**Work item:** Return all lines of the records that contain the word "have".
───── Supplied material ─────
lemma cocycle_normalize:
  assumes Q: "is_quandle Q op" and \<theta>: "quandle_cocycle Q op S \<theta>"
    and "b \<in> Q" and bij_b: "bij_betw (\<lambda>x. op x b) Q Q"
  obtains \<rho> where "\<forall>x\<in>Q. \<rho> x permutes S" and "\<forall>x\<in>Q. cocycle_twist op \<rho> \<theta> x b = id"
proof
  define \<rho> where "\<rho> z = \<theta> (inv_into Q (\<lambda>x. op x b) z) b" for z
  have inv_b: "inv_into Q (\<lambda>x. op x b) (op x b) = x" if "x \<in> Q" for x
    using bij_betw_inv_into_left[OF bij_b that] .
  show "\<forall>x\<in>Q. \<rho> x permutes S"
    unfolding \<rho>_def
    using quandle_cocycle_permutes[OF \<theta> _ \<open>b \<in> Q\<close>] bij_betw_inv_into[OF bij_b] bij_betwE by blast
  have "\<rho> b = id"
    using inv_b[OF \<open>b \<in> Q\<close>] by (simp add: \<rho>_def is_quandle_idem[OF Q \<open>b \<in> Q\<close>] quandle_cocycle_diag[OF \<theta> \<open>b \<in> Q\<close>])
  moreover have "inv (\<theta> x b) \<circ> \<theta> x b = id" if "x \<in> Q" for x
    using quandle_cocycle_permutes[OF \<theta> that \<open>b \<in> Q\<close>] by (rule permutes_inv_o(2))
  ultimately show "\<forall>x\<in>Q. cocycle_twist op \<rho> \<theta> x b = id"
    using inv_b by (simp add: cocycle_twist_def \<rho>_def)
qed

lemma coboundary_path_independent:
  assumes Q: "is_quandle Q op" and \<theta>: "cohomologous_trivial Q op S \<theta>"
    and "x \<in> Q" "y \<in> Q" "x' \<in> Q" "y' \<in> Q" "z \<in> Q"
    and "op x (op y z) = op x' (op y' z)"
  shows "\<theta> x (op y z) \<circ> \<theta> y z = \<theta> x' (op y' z) \<circ> \<theta> y' z"
proof -
  obtain \<gamma> where \<gamma>: "\<forall>x\<in>Q. \<gamma> x permutes S" "\<forall>x\<in>Q. \<forall>y\<in>Q. \<theta> x y = \<gamma> (op x y) \<circ> inv (\<gamma> y)"
    using \<theta> unfolding cohomologous_trivial_def by blast
  have path: "\<theta> u (op v z) \<circ> \<theta> v z = \<gamma> (op u (op v z)) \<circ> inv (\<gamma> z)"
    if "u \<in> Q" "v \<in> Q" for u v
  proof -
    have "op v z \<in> Q" using is_quandle_closed[OF Q that(2) \<open>z \<in> Q\<close>] .
    then have "\<gamma> (op v z) permutes S" using \<gamma>(1) by blast
    then have "inv (\<gamma> (op v z)) (\<gamma> (op v z) t) = t" for t
      by (rule permutes_inverses(2))
    then show ?thesis
      using \<gamma>(2) that \<open>z \<in> Q\<close> \<open>op v z \<in> Q\<close> by (simp add: fun_eq_iff)
  qed
  show ?thesis
    using path[of x y] path[of x' y'] assms(3-) by simp
qed

lemma bij_fibrewise:
  assumes f: "bij_betw f Q Q" and g: "\<And>y. y \<in> Q \<Longrightarrow> bij (g y)"
  shows "bij (\<lambda>(y, s). if y \<in> Q then (f y, g y s) else (y, s))"
proof (rule o_bij)
  let ?h = "\<lambda>(z, t). if z \<in> Q then (inv_into Q f z, inv (g (inv_into Q f z)) t) else (z, t)"
  show "?h \<circ> (\<lambda>(y, s). if y \<in> Q then (f y, g y s) else (y, s)) = id"
    using f g by (auto simp: fun_eq_iff bij_betw_inv_into_left bij_betw_apply bij_is_inj)
  have "inv_into Q f z \<in> Q" "f (inv_into Q f z) = z" if "z \<in> Q" for z
    using f that by (auto simp: bij_betw_def inv_into_into f_inv_into_f)
  then show "(\<lambda>(y, s). if y \<in> Q then (f y, g y s) else (y, s)) \<circ> ?h = id"
    using g by (auto simp: fun_eq_iff bij_is_surj surj_f_inv_f)
qed

locale quandle_with_cocycle =
  fixes Q :: "'q set" and op :: "'q \<Rightarrow> 'q \<Rightarrow> 'q" (infixl "\<triangleright>" 70)
    and S :: "'s set" and \<theta> :: "'q \<Rightarrow> 'q \<Rightarrow> 's \<Rightarrow> 's"
  assumes quandle: "is_quandle Q (\<triangleright>)" and cocycle: "quandle_cocycle Q (\<triangleright>) S \<theta>"
begin

text \<open>The left translation by \<open>(x, s)\<close> in the extension quandle \<open>Q \<times>\<^sub>\<theta> S\<close>; it does not
  depend on \<open>s\<close>. Points outside \<open>Q\<close> are fixed, so that it is a bijection of the whole type.\<close>
definition ext_trans :: "'q \<Rightarrow> ('q \<times> 's) bijection" where
  "ext_trans x = Bij (\<lambda>(y, s). if y \<in> Q then (x \<triangleright> y, \<theta> x y s) else (y, s))"

lemma apply_ext_trans:
  assumes "x \<in> Q"
  shows "apply_bij (ext_trans x) = (\<lambda>(y, s). if y \<in> Q then (x \<triangleright> y, \<theta> x y s) else (y, s))"
proof -
  have "bij (\<theta> x y)" if "y \<in> Q" for y
    using quandle_cocycle_permutes[OF cocycle assms that] by (rule permutes_bij)
  with is_quandle_bij[OF quandle assms] show ?thesis
    unfolding ext_trans_def by (intro apply_bij_Bij bij_fibrewise)
qed

lemma apply_ext_trans_in: "x \<in> Q \<Longrightarrow> y \<in> Q \<Longrightarrow> apply_bij (ext_trans x) (y, s) = (x \<triangleright> y, \<theta> x y s)"
  by (simp add: apply_ext_trans)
─────
**Solution for this exercise:**
  have inv_b: "inv_into Q (\<lambda>x. op x b) (op x b) = x" if "x \<in> Q" for x
  have "\<rho> b = id"
  moreover have "inv (\<theta> x b) \<circ> \<theta> x b = id" if "x \<in> Q" for x
  have path: "\<theta> u (op v z) \<circ> \<theta> v z = \<gamma> (op u (op v z)) \<circ> inv (\<gamma> z)"
    have "op v z \<in> Q" using is_quandle_closed[OF Q that(2) \<open>z \<in> Q\<close>] .
    then have "\<gamma> (op v z) permutes S" using \<gamma>(1) by blast
    then have "inv (\<gamma> (op v z)) (\<gamma> (op v z) t) = t" for t
  have "inv_into Q f z \<in> Q" "f (inv_into Q f z) = z" if "z \<in> Q" for z
  have "bij (\<theta> x y)" if "y \<in> Q" for y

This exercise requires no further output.